* **THE RECORDS**:
lemma pdet_transpose: "pdet p M I = pdet p (\<lambda>b a. M a (I b)) id"
proof -
  have "pdet p M I = det (transpose_mat (mat p p (\<lambda>(a,b). M a (I b))))"
    by (simp add: pdet_eq_det det_transpose[of _ p])
  also have "transpose_mat (mat p p (\<lambda>(a,b). M a (I b))) = mat p p (\<lambda>(b,a). M a (I (id b)))"
    by (rule eq_matI) auto
  finally show ?thesis by (simp add: pdet_eq_det)
qed

lemma pdet_permute_rows:
  assumes "\<pi> permutes {..<p}"
  shows "pdet p (\<lambda>a. M (\<pi> a)) I = of_int (sign \<pi>) * pdet p M I"
proof -
  have \<pi>: "a < p \<Longrightarrow> \<pi> a < p" for a using permutes_in_image[OF assms, of a] by auto
  have "mat p p (\<lambda>(a,b). M (\<pi> a) (I b)) = mat p p (\<lambda>(a,b). mat p p (\<lambda>(a,b). M a (I b)) $$ (\<pi> a, b))"
    by (rule eq_matI) (auto simp: \<pi>)
  thus ?thesis using assms det_permute_rows[of "mat p p (\<lambda>(a,b). M a (I b))" p \<pi>]
    by (simp add: pdet_eq_det atLeast0LessThan)
qed

lemma pdet_permute_cols:
  assumes "\<pi> permutes {..<p}"
  shows "pdet p M (\<lambda>b. I (\<pi> b)) = of_int (sign \<pi>) * pdet p M I"
  using pdet_permute_rows[OF assms, of "\<lambda>b a. M a (I b)" id]
  by (subst (1 2) pdet_transpose) simp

* **TASK DETAILS**:
Reproduce the entire listing word for word.

* **RESPONSE**:
lemma pdet_transpose: "pdet p M I = pdet p (\<lambda>b a. M a (I b)) id"
proof -
  have "pdet p M I = det (transpose_mat (mat p p (\<lambda>(a,b). M a (I b))))"
    by (simp add: pdet_eq_det det_transpose[of _ p])
  also have "transpose_mat (mat p p (\<lambda>(a,b). M a (I b))) = mat p p (\<lambda>(b,a). M a (I (id b)))"
    by (rule eq_matI) auto
  finally show ?thesis by (simp add: pdet_eq_det)
qed

lemma pdet_permute_rows:
  assumes "\<pi> permutes {..<p}"
  shows "pdet p (\<lambda>a. M (\<pi> a)) I = of_int (sign \<pi>) * pdet p M I"
proof -
  have \<pi>: "a < p \<Longrightarrow> \<pi> a < p" for a using permutes_in_image[OF assms, of a] by auto
  have "mat p p (\<lambda>(a,b). M (\<pi> a) (I b)) = mat p p (\<lambda>(a,b). mat p p (\<lambda>(a,b). M a (I b)) $$ (\<pi> a, b))"
    by (rule eq_matI) (auto simp: \<pi>)
  thus ?thesis using assms det_permute_rows[of "mat p p (\<lambda>(a,b). M a (I b))" p \<pi>]
    by (simp add: pdet_eq_det atLeast0LessThan)
qed

lemma pdet_permute_cols:
  assumes "\<pi> permutes {..<p}"
  shows "pdet p M (\<lambda>b. I (\<pi> b)) = of_int (sign \<pi>) * pdet p M I"
  using pdet_permute_rows[OF assms, of "\<lambda>b a. M a (I b)" id]
  by (subst (1 2) pdet_transpose) simp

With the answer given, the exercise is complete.